[Saved entries]
text \<open>The algorithm keeps multiplicative weights: a vertex v gains the factor 2(1 - p) for every
  answer that would be correct if v were the target and the factor 2p for every other answer. It
  outputs a vertex as soon as its "yes" answers outnumber its other answers by K; otherwise it
  queries a vertex carrying more than half of the total weight if there is one, and a weighted
  1-median of the graph otherwise. At a 1-median every answer other than "yes" is consistent with
  at most half of the weight, so the logarithm of the weight share of the target grows by at least
  I(p) per query in expectation; when the heavy vertex is the target itself its capped yes-surplus
  grows by 1 - 2p instead. Hence the potential log2 (w_t / W) + min (surplus_t, K) / (1 - 2p)
  drifts upwards by I(p) per query, starts at -log2 n and never exceeds K / (1 - 2p), which bounds
  the expected number of queries by (log2 n + K / (1 - 2p)) / I(p). A wrong output needs a
  surplus K at a non-target vertex, while the sum of ((1 - p) / p)^surplus over the queried
  non-target vertices grows by at most one per query in expectation; so a wrong output has
  probability at most E[T] (p / (1 - p))^K. A threshold K of order log log n + log (1 / delta)
  balances the two bounds.\<close>

section \<open>Expected drift of the search process\<close>

lemma finite_set_pmf_step:
  assumes "\<And>h. finite (set_pmf (alg h))"
  shows "finite (set_pmf (step alg p adv s))"
  using assms by (auto simp: step_def answer_pmf_def split: state.split action.split)

lemma finite_set_pmf_run:
  assumes "\<And>h. finite (set_pmf (alg h))"
  shows "finite (set_pmf (run alg p adv k))"
  by (induction k) (auto simp: finite_set_pmf_step[OF assms])

lemma expectation_run_Suc:
  fixes f :: "state \<Rightarrow> real"
  assumes "\<And>h. finite (set_pmf (alg h))"
  shows "measure_pmf.expectation (run alg p adv (Suc k)) f =
    (\<Sum>s\<in>set_pmf (run alg p adv k).
      pmf (run alg p adv k) s * measure_pmf.expectation (step alg p adv s) f)"
proof -
  have "measure_pmf.expectation (run alg p adv k \<bind> step alg p adv) f =
    (\<Sum>s\<in>set_pmf (run alg p adv k).
      pmf (run alg p adv k) s *\<^sub>R measure_pmf.expectation (step alg p adv s) f)"
    by (rule pmf_expectation_bind)
      (auto simp: finite_set_pmf_run[OF assms] finite_set_pmf_step[OF assms])
  then show ?thesis by simp
qed

definition expected_queries_upto ::
  "(history \<Rightarrow> action pmf) \<Rightarrow> real \<Rightarrow> (history \<Rightarrow> nat \<Rightarrow> nat option \<times> nat option) \<Rightarrow> nat \<Rightarrow> real" where
  "expected_queries_upto alg p adv k =
    (\<Sum>j<k. measure_pmf.prob (run alg p adv (Suc j)) {s. is_running s})"

lemma expectation_run_drift:
  fixes f :: "state \<Rightarrow> real"
  assumes fin: "\<And>h. finite (set_pmf (alg h))"
    and drift: "\<And>s. f s + c * measure_pmf.prob (step alg p adv s) {s. is_running s}
                    \<le> measure_pmf.expectation (step alg p adv s) f"
  shows "f (Running []) + c * expected_queries_upto alg p adv k
    \<le> measure_pmf.expectation (run alg p adv k) f"
proof (induction k)
  case 0
  show ?case by (simp add: expected_queries_upto_def)
next
  case (Suc k)
  let ?M = "run alg p adv k" and ?R = "{s. is_running s}"
  have "f (Running []) + c * expected_queries_upto alg p adv (Suc k)
      = f (Running []) + c * expected_queries_upto alg p adv k
        + c * measure_pmf.prob (run alg p adv (Suc k)) ?R"
    by (simp add: expected_queries_upto_def algebra_simps del: run.simps)
  also have "\<dots> \<le> measure_pmf.expectation ?M f + c * measure_pmf.prob (run alg p adv (Suc k)) ?R"
    using Suc by simp
  also have "\<dots> = (\<Sum>s\<in>set_pmf ?M. pmf ?M s * (f s + c * measure_pmf.prob (step alg p adv s) ?R))"
    using expectation_run_Suc[OF fin, where k=k and f="indicator ?R"]
      integral_measure_pmf[OF finite_set_pmf_run[OF fin], of ?M f]
    by (simp add: algebra_simps sum.distrib sum_distrib_left del: run.simps)
  also have "\<dots> \<le> (\<Sum>s\<in>set_pmf ?M. pmf ?M s * measure_pmf.expectation (step alg p adv s) f)"
    by (intro sum_mono mult_left_mono drift) simp
  also have "\<dots> = measure_pmf.expectation (run alg p adv (Suc k)) f"
    by (rule expectation_run_Suc[OF fin, symmetric])
  finally show ?case .
qed

lemma expectation_run_drift_le:
  fixes f :: "state \<Rightarrow> real"
  assumes fin: "\<And>h. finite (set_pmf (alg h))"
    and drift: "\<And>s. measure_pmf.expectation (step alg p adv s) f
                    \<le> f s + c * measure_pmf.prob (step alg p adv s) {s. is_running s}"
  shows "measure_pmf.expectation (run alg p adv k) f
    \<le> f (Running []) + c * expected_queries_upto alg p adv k"
proof -
  have "- f (Running []) + (- c) * expected_queries_upto alg p adv k
      \<le> measure_pmf.expectation (run alg p adv k) (\<lambda>s. - f s)"
    using drift by (intro expectation_run_drift[where f="\<lambda>s. - f s", OF fin]) (simp add: algebra_simps)
  then show ?thesis by simp
qed

lemma step_Running_Output:
  "alg h = return_pmf (Output v) \<Longrightarrow> step alg p adv (Running h) = return_pmf (Halted v)"
  by (simp add: step_def bind_return_pmf)

lemma expectation_step_Ask:
  fixes f :: "state \<Rightarrow> real"
  assumes "alg h = return_pmf (Ask q)" "0 \<le> p" "p \<le> 1"
  shows "measure_pmf.expectation (step alg p adv (Running h)) f =
    p * f (Running (h @ [(q, snd (adv h q))])) + (1 - p) * f (Running (h @ [(q, fst (adv h q))]))"
  using assms by (simp add: step_def bind_return_pmf answer_pmf_def)

lemma prob_running_step_Ask:
  assumes "alg h = return_pmf (Ask q)" "0 \<le> p" "p \<le> 1"
  shows "measure_pmf.prob (step alg p adv (Running h)) {s. is_running s} = 1"
  using expectation_step_Ask[where alg=alg and h=h and q=q, OF assms,
      where adv=adv and f="indicator {s. is_running s}"]
  by (simp add: is_running_def)

lemma expected_queries_le:
  assumes "\<And>k. expected_queries_upto alg p adv k \<le> B"
  shows "expected_queries alg p adv \<le> ennreal B"
proof -
  have "(\<Sum>j<k. ennreal (measure_pmf.prob (run alg p adv (Suc j)) {s. is_running s})) + 0
      \<le> ennreal B" for k
    using assms[of k] by (simp add: expected_queries_upto_def ennreal_leI del: run.simps)
  then show ?thesis
    unfolding expected_queries_def using ennreal_suminf_bound_add by (metis add_0_right)
qed

lemma success_prob_ge:
  assumes queries: "\<And>k. expected_queries_upto alg p adv k \<le> B"
    and wrong: "\<And>k. measure_pmf.prob (run alg p adv k) {Halted v |v. v \<noteq> t} \<le> e"
  shows "1 - e \<le> success_prob alg p adv t"
proof (rule field_le_epsilon)
  fix \<epsilon> :: real
  assume "0 < \<epsilon>"
  let ?running = "\<lambda>k. measure_pmf.prob (run alg p adv k) {s. is_running s}"
  have "summable (\<lambda>j. ?running (Suc j))"
  proof (rule bounded_imp_summable)
    show "(\<Sum>j\<le>n. ?running (Suc j)) \<le> B" for n
      using queries[of "Suc n"]
      by (simp add: expected_queries_upto_def lessThan_Suc_atMost del: run.simps)
  qed simp
  then have "(\<lambda>j. ?running (Suc j)) \<longlonglongrightarrow> 0"
    by (rule summable_LIMSEQ_zero)
  then obtain j where j: "?running (Suc j) < \<epsilon>"
    using \<open>0 < \<epsilon>\<close> by (auto simp: lim_sequentially dist_real_def)
  let ?M = "run alg p adv (Suc j)"
  have "measure_pmf.prob ?M (- {Halted t})
      \<le> measure_pmf.prob ?M ({s. is_running s} \<union> {Halted v |v. v \<noteq> t})"
    by (rule measure_pmf.finite_measure_mono) (auto simp: is_running_def split: state.split)
  also have "\<dots> \<le> ?running (Suc j) + measure_pmf.prob ?M {Halted v |v. v \<noteq> t}"
    by (rule measure_Un_le) simp_all
  finally have "1 - e \<le> measure_pmf.prob ?M {Halted t} + \<epsilon>"
    using measure_pmf.prob_compl[of "{Halted t}" ?M] j wrong[of "Suc j"]
    by (simp add: Compl_eq_Diff_UNIV)
  also have "measure_pmf.prob ?M {Halted t} \<le> success_prob alg p adv t"
    unfolding success_prob_def by (rule cSUP_upper) (auto intro!: bdd_aboveI[of _ 1])
  finally show "1 - e \<le> success_prob alg p adv t + \<epsilon>" by simp
qed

WORK ORDER
Which lines run from the one holding "using Suc by simp" through the one holding "(Running h)) f" in the records above? Repeat them exactly, both included, and nothing more.

SOLUTION TO THIS TASK
    using Suc by simp
  also have "\<dots> = (\<Sum>s\<in>set_pmf ?M. pmf ?M s * (f s + c * measure_pmf.prob (step alg p adv s) ?R))"
    using expectation_run_Suc[OF fin, where k=k and f="indicator ?R"]
      integral_measure_pmf[OF finite_set_pmf_run[OF fin], of ?M f]
    by (simp add: algebra_simps sum.distrib sum_distrib_left del: run.simps)
  also have "\<dots> \<le> (\<Sum>s\<in>set_pmf ?M. pmf ?M s * measure_pmf.expectation (step alg p adv s) f)"
    by (intro sum_mono mult_left_mono drift) simp
  also have "\<dots> = measure_pmf.expectation (run alg p adv (Suc k)) f"
    by (rule expectation_run_Suc[OF fin, symmetric])
  finally show ?case .
qed

lemma expectation_run_drift_le:
  fixes f :: "state \<Rightarrow> real"
  assumes fin: "\<And>h. finite (set_pmf (alg h))"
    and drift: "\<And>s. measure_pmf.expectation (step alg p adv s) f
                    \<le> f s + c * measure_pmf.prob (step alg p adv s) {s. is_running s}"
  shows "measure_pmf.expectation (run alg p adv k) f
    \<le> f (Running []) + c * expected_queries_upto alg p adv k"
proof -
  have "- f (Running []) + (- c) * expected_queries_upto alg p adv k
      \<le> measure_pmf.expectation (run alg p adv k) (\<lambda>s. - f s)"
    using drift by (intro expectation_run_drift[where f="\<lambda>s. - f s", OF fin]) (simp add: algebra_simps)
  then show ?thesis by simp
qed

lemma step_Running_Output:
  "alg h = return_pmf (Output v) \<Longrightarrow> step alg p adv (Running h) = return_pmf (Halted v)"
  by (simp add: step_def bind_return_pmf)

lemma expectation_step_Ask:
  fixes f :: "state \<Rightarrow> real"
  assumes "alg h = return_pmf (Ask q)" "0 \<le> p" "p \<le> 1"
  shows "measure_pmf.expectation (step alg p adv (Running h)) f =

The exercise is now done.